Of further concern, tracking VAP alone gives an incomplete picture of quality of care. Ventilated patients are at risk for multiple complications in addition to pneumonia, including acute respiratory distress syndrome (ARDS), pulmonary edema, atelectasis, pneumothorax, pulmonary embolism, pulmonary hemorrhage, and hypersensitivity reactions. Indeed, recent attributable mortality estimates suggest that VAP accounts for only a very small fraction of ICU mortality [9]. In recognition of the many limitations of traditional VAP surveillance definitions, the Centers for Disease Control and Prevention (CDC) collaborated with stakeholder organizations to develop a new surveillance framework called ventilator-associated events (VAEs). The primary event in the VAE framework is called a ventilator-associated condition (VAC).
In this article, we will review the rationale behind the new surveillance definitions, summarize the epidemiology of VACs, survey the emerging literature on differences between VAC and traditionally defined VAP, and consider ways in which VAE/VAC surveillance can help hospitals enhance their quality improvement programs.

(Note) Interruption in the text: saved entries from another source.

lemma norm_cauchy_term_le:
  assumes "norm q < 1" "norm (w * q) \<le> 1/2"
  shows "norm (cauchy_term q w k) \<le> (2 * norm w / (1 - norm q)) ^ k"
proof -
  have q1: "norm q \<le> 1" using assms(1) by simp
  have "(1 - norm q) ^ k * (1 - 1/2) ^ k \<le> norm (qpoch q q k) * norm (qpoch (w * q) q k)"
    using norm_qpoch_ge[OF q1, of q "norm q" k] norm_qpoch_ge[OF q1 assms(2)] assms(1)
    by (intro mult_mono) auto
  then have den: "((1 - norm q) / 2) ^ k \<le> norm (qpoch q q k) * norm (qpoch (w * q) q k)"
    by (simp add: power_mult_distrib power_divide)
  have num: "norm q ^ (k * k) * norm w ^ k \<le> norm w ^ k"
    using assms(1) by (intro mult_left_le_one_le power_le_one) auto
  have "norm (cauchy_term q w k) \<le> norm w ^ k / ((1 - norm q) / 2) ^ k"
    unfolding cauchy_term_def norm_divide norm_mult norm_power
    using num den assms(1) by (intro frac_le) auto
  also have "\<dots> = (2 * norm w / (1 - norm q)) ^ k" by (simp add: power_divide field_simps)
  finally show ?thesis .
qed

lemma cauchy_sum_shift_tendsto:
  assumes "norm q < 1"
  shows "(\<lambda>N. \<Sum>n. cauchy_term q (w * q ^ N) n) \<longlonglongrightarrow> 1"
proof (rule suminf_tendsto_head)
  show "(\<lambda>N. 2 * norm w / (1 - norm q) * norm q ^ N) \<longlonglongrightarrow> 0"
    using tendsto_mult_right_zero[OF LIMSEQ_power_zero[of "norm q"]] assms by simp
  show "0 \<le> 2 * norm w / (1 - norm q) * norm q ^ N" for N using assms by simp
  have "eventually (\<lambda>N. norm ((w * q) * q ^ N) \<le> 1/2) sequentially"
    by (rule eventually_norm_mult_power_le[OF assms]) simp
  then show "eventually (\<lambda>N. \<forall>k. norm (cauchy_term q (w * q ^ N) (Suc k))
      \<le> 1 * (2 * norm w / (1 - norm q) * norm q ^ N) ^ Suc k) sequentially"
  proof (rule eventually_mono, intro allI)
    fix N k assume "norm ((w * q) * q ^ N) \<le> 1/2"
    then have "norm (cauchy_term q (w * q ^ N) (Suc k)) \<le> (2 * norm (w * q ^ N) / (1 - norm q)) ^ Suc k"
      by (intro norm_cauchy_term_le assms) (simp add: mult_ac)
    then show "norm (cauchy_term q (w * q ^ N) (Suc k)) \<le> 1 * (2 * norm w / (1 - norm q) * norm q ^ N) ^ Suc k"
      by (simp add: norm_mult norm_power mult_ac)
  qed
  show "summable (cauchy_term q (w * q ^ N))" for N
    by (rule summable_norm_cancel[OF summable_cauchy_term[OF assms]])
qed (simp_all add: cauchy_term_def)

theorem cauchy_identity:
  assumes "norm q < 1" "\<And>n. qpoch (w * q) q n \<noteq> 0"
  shows "cauchy_term q w sums (1 / qpoch_inf (w * q) q)"
proof -
  have "(\<lambda>N. qpoch (w * q) q N * (\<Sum>n. cauchy_term q w n))
      \<longlonglongrightarrow> qpoch_inf (w * q) q * (\<Sum>n. cauchy_term q w n)"
    by (intro tendsto_mult LIMSEQ_qpoch tendsto_const assms(1))
  moreover have "(\<lambda>N. qpoch (w * q) q N * (\<Sum>n. cauchy_term q w n)) \<longlonglongrightarrow> 1"
    unfolding cauchy_sum_iterate[OF assms, symmetric] by (rule cauchy_sum_shift_tendsto[OF assms(1)])
  ultimately have "qpoch_inf (w * q) q * (\<Sum>n. cauchy_term q w n) = 1" using LIMSEQ_unique by blast
  then have "(\<Sum>n. cauchy_term q w n) = 1 / qpoch_inf (w * q) q"
    using qpoch_inf_nonzero[OF assms] by (simp add: field_simps)
  with summable_cauchy_term[OF assms(1), of w] show ?thesis
    by (metis summable_sums summable_norm_cancel)
qed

Rationale for VAE Definitions
VAE definitions grew out of the deliberations of a working group of stakeholder organizations [10••]. The working group first met in the fall of 2011 and included representatives from critical care, respiratory therapy, nursing, infectious disease, hospital epidemiology, and infection prevention societies as well as state and federal health authorities. The working group advised shifting the focus of surveillance from pneumonia alone to complications of mechanical ventilation in general for three reasons: (1) it is a more accurate description of what can and cannot reliably be determined using surveillance criteria alone, (2) it encourages quality improvement and safety programs to broaden their focus to include additional important complications of mechanical ventilation other than pneumonia, and (3) it allows for simple and objective surveillance definitions that are amenable to automation using electronic health data. CDC accepted the working group’s recommendations and replaced their traditional VAP surveillance definitions with VAE definitions in early 2013 [10••].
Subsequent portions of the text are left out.